What to work on
Below this line is a set of entries; quote exactly the lines from the line that contains "by (simp add: phi_def" to the line that contains "obtain x y where", both lines included.

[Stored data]
lemma linear_code_phi_image:
  assumes "linear_code n C"
  shows "linear_code (2 * n) (phi ` C)"
proof -
  have len: "\<And>x. x \<in> C \<Longrightarrow> length x = n" using assms by (auto simp: linear_code_def)
  have zero: "phi (replicate n 0) = replicate (2 * n) 0"
    by (simp add: phi_def list_eq_iff_nth_eq nth_append)
  have add: "vadd (phi x) (phi y) = phi (vadd x y)" if "length x = length y" for x y
    using that by (simp add: list_eq_iff_nth_eq vadd_def phi_def nth_append algebra_simps)
  have scale: "smul r (phi x) = phi (smul (DN r 0) x)" for r x
    by (simp add: list_eq_iff_nth_eq smul_def phi_def nth_append algebra_simps times_dnum_def)
  show ?thesis
    unfolding linear_code_def
  proof (intro conjI ballI allI)
    show "phi ` C \<subseteq> {x. length x = 2 * n}" using len by auto
    show "replicate (2 * n) 0 \<in> phi ` C"
      using assms zero by (metis image_eqI linear_code_def)
    show "vadd v w \<in> phi ` C" if vw: "v \<in> phi ` C" "w \<in> phi ` C" for v w
    proof -
      obtain x y where "x \<in> C" "y \<in> C" "v = phi x" "w = phi y" using vw by blast
      then show ?thesis using assms add len by (metis image_eqI linear_code_def)
    qed
    show "smul r v \<in> phi ` C" if v: "v \<in> phi ` C" for r v
    proof -
      obtain x where "x \<in> C" "v = phi x" using v by blast
      then show ?thesis using assms scale by (metis image_eqI linear_code_def)
    qed
  qed
qed

lemma self_dual_linear_code: "self_dual n C \<Longrightarrow> linear_code n C"
  unfolding self_dual_def by blast

lemma self_dual_length: "self_dual n C \<Longrightarrow> x \<in> C \<Longrightarrow> length x = n"
  using self_dual_linear_code unfolding linear_code_def by blast

lemma self_dual_inner_eq_0: "self_dual n C \<Longrightarrow> x \<in> C \<Longrightarrow> y \<in> C \<Longrightarrow> inner x y = 0"
  unfolding self_dual_def by (metis (mono_tags, lifting) dual_code_def mem_Collect_eq)

lemma dual_code_phi_image:
  assumes "self_dual n C"
  shows "dual_code (2 * n) (phi ` C) = negate_prefix n ` phi ` C"
proof
  note len = self_dual_length[OF assms] and orth = self_dual_inner_eq_0[OF assms]
  show "negate_prefix n ` phi ` C \<subseteq> dual_code (2 * n) (phi ` C)"
  proof clarify
    fix y assume y: "y \<in> C"
    have "inner (phi x) (negate_prefix n (phi y)) = 0" if "x \<in> C" for x
      using inner_phi_negate_prefix_phi[of x y] len[OF y] len[OF that] orth[OF that y] by simp
    then show "negate_prefix n (phi y) \<in> dual_code (2 * n) (phi ` C)"
      using len[OF y] by (auto simp: dual_code_def)
  qed
  show "dual_code (2 * n) (phi ` C) \<subseteq> negate_prefix n ` phi ` C"
  proof
    fix v assume v: "v \<in> dual_code (2 * n) (phi ` C)"
    then obtain z where z: "length z = n" "negate_prefix n (phi z) = v"
      by (auto simp: dual_code_def elim: negate_prefix_phi_surj)
    have trace: "re (inner x z) + du (inner x z) = 0" if "x \<in> C" for x
      using v z len[OF that] that inner_phi_negate_prefix_phi[of x z] by (auto simp: dual_code_def)
    have "inner x z = 0" if "x \<in> C" for x
    proof -
      have "smul (DN 0 1) x \<in> C"
        using self_dual_linear_code[OF assms] that by (simp add: linear_code_def)
      then have "re (inner x z) = 0"
        using trace[of "smul (DN 0 1) x"] by (simp add: inner_smul_left times_dnum_def)
      then show ?thesis using trace[OF that] by (simp add: dnum_eq_0_iff)
    qed
    with z(1) have "z \<in> dual_code n C" by (simp add: dual_code_def)
    then have "z \<in> C" using assms unfolding self_dual_def by blast
    with z(2) show "v \<in> negate_prefix n ` phi ` C" by blast
  qed
qed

Written answer
    by (simp add: phi_def list_eq_iff_nth_eq nth_append)
  have add: "vadd (phi x) (phi y) = phi (vadd x y)" if "length x = length y" for x y
    using that by (simp add: list_eq_iff_nth_eq vadd_def phi_def nth_append algebra_simps)
  have scale: "smul r (phi x) = phi (smul (DN r 0) x)" for r x
    by (simp add: list_eq_iff_nth_eq smul_def phi_def nth_append algebra_simps times_dnum_def)
  show ?thesis
    unfolding linear_code_def
  proof (intro conjI ballI allI)
    show "phi ` C \<subseteq> {x. length x = 2 * n}" using len by auto
    show "replicate (2 * n) 0 \<in> phi ` C"
      using assms zero by (metis image_eqI linear_code_def)
    show "vadd v w \<in> phi ` C" if vw: "v \<in> phi ` C" "w \<in> phi ` C" for v w
    proof -
      obtain x y where "x \<in> C" "y \<in> C" "v = phi x" "w = phi y" using vw by blast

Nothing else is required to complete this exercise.